Typically, students with learning disabilities have an average intelligence but they will require more specific instructional strategies, program modifications or accommodations. A learning disability does not include a disability resulting from vision, hearing impaired, physical or behavior. Although, many behavior disabled students often have learning difficulties. Descrepancies between academic performance and actual intellectual ability will occur. Diagnosis of a learning disability usually occurs after the child has had a WISC R performed which is the standardized test and is done by a psychologist - usually. Definitions of learning disabilities will often vary from district to district but do tend to convey a common meaning.
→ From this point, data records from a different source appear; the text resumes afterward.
theorem lemma2p5:
  fixes A :: "complex^'n^'n" and C :: "complex^'n^'m" and \<Gamma> :: "complex^'m^'n"
    and R0 :: "complex^'m^'m" and R :: "complex \<Rightarrow> complex^'m^'m"
    and \<Phi> :: "complex \<Rightarrow> complex^'m^'r" and C\<Phi> :: "complex^'n^'r"
    and X :: "(complex^'n) set" and M :: "(nat \<Rightarrow> complex^'r) set"
    and Q :: "complex^'n^'n"
    and \<Omega> :: "complex^'n \<Rightarrow> complex^'n" and \<Delta> :: "complex^'n \<Rightarrow> complex^'n"
  assumes A_stable: "stable A"
    and R_def: "\<And>z. R z = csmat z (C ** matrix_inv (mat 1 - csmat z A) ** \<Gamma>) + R0
                         + cadj \<Gamma> ** matrix_inv (csmat z (mat 1) - cadj A) ** cadj C"
    and R_nonzero: "\<exists>z. det (mat 1 - csmat z A) \<noteq> 0 \<and> det (csmat z (mat 1) - cadj A) \<noteq> 0
                        \<and> R z \<noteq> 0"
    and R_psd: "\<And>\<zeta>. norm \<zeta> = 1 \<Longrightarrow> psd (R \<zeta>)"
    and obs: "observable C A"
    and outer: "outer_spectral_factor R
                  (\<lambda>z. det (mat 1 - csmat z A) \<noteq> 0 \<and> det (csmat z (mat 1) - cadj A) \<noteq> 0) \<Phi>"
    and X_def: "X = {x. Wobs C A x \<in> toeplitz_adj \<Phi> ` l2}"
    and C\<Phi>_realiz: "\<And>z. det (mat 1 - csmat z A) \<noteq> 0 \<Longrightarrow> regular_at \<Phi> z \<Longrightarrow>
                      \<Phi> z = \<Phi> 0 + csmat z (C\<Phi> ** matrix_inv (mat 1 - csmat z A) ** \<Gamma>)"
    and C\<Phi>_X: "\<And>x. x \<in> X \<Longrightarrow> Wobs C A x = toeplitz_adj \<Phi> (Wobs C\<Phi> A x)"
    and Q_def: "Q = obs_gramian C\<Phi> A"
    and \<Omega>_def: "\<And>x. \<Omega> x = cproj X (Q *v x)"
    and \<Delta>_def: "\<And>y. \<Delta> y = (THE x. x \<in> X \<and> \<Omega> x = cproj X y)"
    and M_def: "M = {f \<in> l2. toeplitz_adj \<Phi> f \<in> range (Wobs C A)}"
  shows "bij_betw \<Omega> X X
         \<and> (\<forall>f\<in>l2. l2proj M f = Wobs C\<Phi> A (\<Delta> (Wobs_adj C\<Phi> A f)))"
proof -
  obtain K \<rho> where "decaying_powers A K \<rho>"
    using stable_mpow_decay[OF A_stable] unfolding decaying_powers_def by blast
  then interpret W: decaying_powers A K \<rho> .
  have rat: "rat_Hinf \<Phi>" and dense: "\<forall>g\<in>l2. \<forall>\<epsilon>>0. \<exists>f\<in>l2. l2norm (\<lambda>i. toeplitz \<Phi> f i - g i) < \<epsilon>"
    using outer by (simp_all add: outer_spectral_factor_def)
  obtain L \<sigma> where "decaying_symbol \<Phi> L \<sigma>"
    using rat_Hinf_taylor_decay[OF rat] unfolding decaying_symbol_def by blast
  then interpret T: decaying_symbol \<Phi> L \<sigma> .
  have X: "vec.subspace X"
    unfolding X_def by (rule T.subspace_toeplitz_adj_preimage)
  have "x = 0" if "x \<in> X" "cinner (Q *v x) x = 0" for x
  proof -
    have "l2inner (Wobs C\<Phi> A x) (Wobs C\<Phi> A x) = 0"
      using that by (simp add: Q_def W.l2inner_Wobs)
    then have "Wobs C\<Phi> A x = (\<lambda>_. 0)"
      using l2inner_self_eq_0_iff[OF W.Wobs_in_l2] by blast
    then have "Wobs C A x = (\<lambda>_. 0)"
      using C\<Phi>_X[OF \<open>x \<in> X\<close>] by (simp add: T.toeplitz_adj_zero)
    then show "x = 0"
      using obs by (simp add: observable_def Wobs_def fun_eq_iff)
  qed
  then have bij: "bij_betw \<Omega> X X"
    using compression_bij_betw[OF X] by (simp add: \<Omega>_def[abs_def])
  have M: "M = Wobs C\<Phi> A ` X"
    unfolding M_def by (rule T.toeplitz_adj_preimage_eq_image[OF dense X_def W.Wobs_in_l2 C\<Phi>_X])
  have "l2proj M f = Wobs C\<Phi> A (\<Delta> (Wobs_adj C\<Phi> A f))" if "f \<in> l2" for f
  proof -
    have "\<Delta> (Wobs_adj C\<Phi> A f) = the_inv_into X \<Omega> (cproj X (Wobs_adj C\<Phi> A f))"
      by (simp add: \<Delta>_def the_inv_into_def)
    moreover have "cproj X (Wobs_adj C\<Phi> A f) \<in> X"
      by (rule cproj_in[OF X])
    ultimately have "\<Delta> (Wobs_adj C\<Phi> A f) \<in> X" "\<Omega> (\<Delta> (Wobs_adj C\<Phi> A f)) = cproj X (Wobs_adj C\<Phi> A f)"
      using bij by (auto intro: the_inv_into_into f_the_inv_into_f_bij_betw simp: bij_betw_def)
    then show ?thesis
      unfolding M using W.l2proj_Wobs_image[OF X _ that] by (simp add: \<Omega>_def Q_def)
  qed
  with bij show ?thesis
    by blast
qed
Comprehensive list of characteristics of learning disabled students by their specific category:

Visual Perceptual


letter reversals, b for d, p for q
letter and or number inversions: m for w, p for b etc.
finds reasons not to read, says he/she's tired
complains that their eyes hurt
doesn't copy questions or passages correctly
re-reads and skips lines
loses the spot where he/she was reading
makes sequencing errors, will say on for no or saw for was
these children often erase things constantly

The following list are some characteristics regarding visual motor deficits:

rarely leaves enough spaces between words and letters are often jumbled together
letters are often hard to determine, they're written in a clumsy fashion
difficulty coloring between the lines
difficulty with fine motor chores like cutting, glueing, holding pencils and crayons properly.

 

Auditory Perceptual


Difficulty articulating
Understand only when information is repeated or spoken slowly
often doesn't distinguish differences between sounds
isn't able to distinguish where the sound is coming from
doesn't follow directions or instructions or benefit overly from oral instruction
often avoids participating
can't remember information that was presented orally
confuses similar sounds
performs poorly in most listening activities

 

Body and Spatial Relationships


Easily lost or confused about directions even when the surroundings are familiar
confuses up and down with right and left, exhitibs directionality problems
written work exhibits weak spacing of letters and words with some directionality issues
has great difficulty when columns or graphs are needed in arithmetic
exhibits some clumsy tendencies
directionality concepts are initially quite difficult to learn, over, on, beside, under etc


Conceptual Deficits

Doesn't make connections in similar learning concepts. E.g., 5+3=8 becomes an unknown when asked what 3+5 equals.
Has difficulty comparing things or classifying and sorting items according to a specific criteria
Time concepts present difficulty, before, after, tomorrow, last week etc.
often doesn't get jokes or ideas in humorous situations
Creativity and imagination is usually limited
Often slow to respond
Difficult time prediciting what may happen next, or answering comprehension type questions
Comments are often off track
Difficulty thinking in a logical or sequential manner
Difficulty with number concepts
Often requires a great deal of clarification and one to one support

 

Memory Deficits

Often doesn't remember what was seen, heard or shown.
Has difficulty with remembering sequences in directions or instructions.
Often forgets the pronounciation of frequently used words, spelling is weak.
Sight vocabulary is weak and reading is often slow to develop.
Difficulty with items that need to be memorized - facts, speeches, rhymes etc.
Often appears forgetful.
Expressive and receptive language is weak.
Rarely uses appropriate nouns, refers to that thing, or you know.
Often repeats the same errors

 

Behavior Deficits


Has good and bad days and struggles to sit still.
Doesn't always consider consequences before acting - impulsive.
Often has a short fuse or low frustration level
Difficulty finishing assignments and is often a result of being easily distracted
Can be fidgety and often needs to tap fingers, feet, twiddle pencils etc.
Mind wanders a lot and tends to have mood swings
Can exhibit negativistic or oppositional behavior
Doesn't follow rules and makes fun of others, exhibits mood swings
Difficult time minding his/her own business
Often is disorganized, loses things etc.

 

Best Practices


Provide a positive learning climate that fosters improved self esteem/confidence
Remember that the inclusive classroom works best and the child will benefit from much 1 to 1 for individual support which is dependent on the area of disability e.g., math, reading, writing etc.
Provide a quite place to work such as a study carrell
Provide visual cues and peer mentoring
Provide specific skill instruction.
Present information in as many modalities as is possible
Provide consistent and ongoing clarification
Teach the students 'strategies' not just facts
Keep instructions and directions simple, one at a time
Repeat or rephrase instructions
Reduce working time and expectations initially to ensure the student is successful
Try to ensure that there's a good partnership between home and school and keep parents informed as to how they can support at home.
Provide alternative testing strategies: vocal, dictated etc.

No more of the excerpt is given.